* **TASK BRIEF**
Only an exact repetition of every entry counts as the answer.

* **MATERIAL FOR THIS EXERCISE**
(* If an affine bijection $\sigma:\mathcal{G}_N\to\mathcal{G}_N$ satisfies $\sigma(A_0)=A_0$, then $\sigma(\mathcal{I}_k)=\mathcal{I}_k$ for all $k=1,\ldots,\lfloor N/2\rfloor$.
   Context: $\mathcal{G}_N$ is the set of real symmetric positive semi-definite $N\times N$ matrices with unit diagonal. For $\mathcal K\subseteq\{1,\ldots,N\}$, $A_{\mathcal K}=\mathbf{s}\mathbf{s}^\top$ where $s_\mu=-1$ for $\mu\in\mathcal K$ and $s_\mu=+1$ otherwise; $A_0$ is the all-ones matrix; $\mathcal{I}_k=\{A_{\mathcal K}:|\mathcal K|=k\}$. *)

theory Defs
  imports "HOL-Analysis.Analysis"
begin

text \<open>Real symmetric positive semi-definite matrices, indexed by a finite type 'n
  (so N = CARD('n)).\<close>
definition psd_matrix :: "real^'n^'n \<Rightarrow> bool" where
  "psd_matrix A \<longleftrightarrow> transpose A = A \<and> (\<forall>x::real^'n. 0 \<le> x \<bullet> (A *v x))"

definition elliptope :: "(real^'n^'n) set" where
  "elliptope = {A. psd_matrix A \<and> (\<forall>i. A $ i $ i = 1)}"

definition sign_vec :: "'n set \<Rightarrow> real^'n" where
  "sign_vec K = (\<chi> i. if i \<in> K then -1 else 1)"

definition cut_matrix :: "'n set \<Rightarrow> real^'n^'n" where
  "cut_matrix K = (\<chi> i j. sign_vec K $ i * sign_vec K $ j)"

definition ones_matrix :: "real^'n^'n" where
  "ones_matrix = (\<chi> i j. 1)"

definition cut_class :: "nat \<Rightarrow> (real^'n^'n) set" where
  "cut_class k = {cut_matrix K | K. card K = k}"

definition affine_on :: "('a::real_vector) set \<Rightarrow> ('a \<Rightarrow> 'b::real_vector) \<Rightarrow> bool" where
  "affine_on S f \<longleftrightarrow> (\<forall>x\<in>S. \<forall>y\<in>S. \<forall>t::real. 0 \<le> t \<and> t \<le> 1 \<longrightarrow>
      f ((1 - t) *\<^sub>R x + t *\<^sub>R y) = (1 - t) *\<^sub>R f x + t *\<^sub>R f y)"

end

theory Submission
  imports Defs
begin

* **TASK SOLUTION**
(* If an affine bijection $\sigma:\mathcal{G}_N\to\mathcal{G}_N$ satisfies $\sigma(A_0)=A_0$, then $\sigma(\mathcal{I}_k)=\mathcal{I}_k$ for all $k=1,\ldots,\lfloor N/2\rfloor$.
   Context: $\mathcal{G}_N$ is the set of real symmetric positive semi-definite $N\times N$ matrices with unit diagonal. For $\mathcal K\subseteq\{1,\ldots,N\}$, $A_{\mathcal K}=\mathbf{s}\mathbf{s}^\top$ where $s_\mu=-1$ for $\mu\in\mathcal K$ and $s_\mu=+1$ otherwise; $A_0$ is the all-ones matrix; $\mathcal{I}_k=\{A_{\mathcal K}:|\mathcal K|=k\}$. *)

theory Defs
  imports "HOL-Analysis.Analysis"
begin

text \<open>Real symmetric positive semi-definite matrices, indexed by a finite type 'n
  (so N = CARD('n)).\<close>
definition psd_matrix :: "real^'n^'n \<Rightarrow> bool" where
  "psd_matrix A \<longleftrightarrow> transpose A = A \<and> (\<forall>x::real^'n. 0 \<le> x \<bullet> (A *v x))"

definition elliptope :: "(real^'n^'n) set" where
  "elliptope = {A. psd_matrix A \<and> (\<forall>i. A $ i $ i = 1)}"

definition sign_vec :: "'n set \<Rightarrow> real^'n" where
  "sign_vec K = (\<chi> i. if i \<in> K then -1 else 1)"

definition cut_matrix :: "'n set \<Rightarrow> real^'n^'n" where
  "cut_matrix K = (\<chi> i j. sign_vec K $ i * sign_vec K $ j)"

definition ones_matrix :: "real^'n^'n" where
  "ones_matrix = (\<chi> i j. 1)"

definition cut_class :: "nat \<Rightarrow> (real^'n^'n) set" where
  "cut_class k = {cut_matrix K | K. card K = k}"

definition affine_on :: "('a::real_vector) set \<Rightarrow> ('a \<Rightarrow> 'b::real_vector) \<Rightarrow> bool" where
  "affine_on S f \<longleftrightarrow> (\<forall>x\<in>S. \<forall>y\<in>S. \<forall>t::real. 0 \<le> t \<and> t \<le> 1 \<longrightarrow>
      f ((1 - t) *\<^sub>R x + t *\<^sub>R y) = (1 - t) *\<^sub>R f x + t *\<^sub>R f y)"

end

theory Submission
  imports Defs
begin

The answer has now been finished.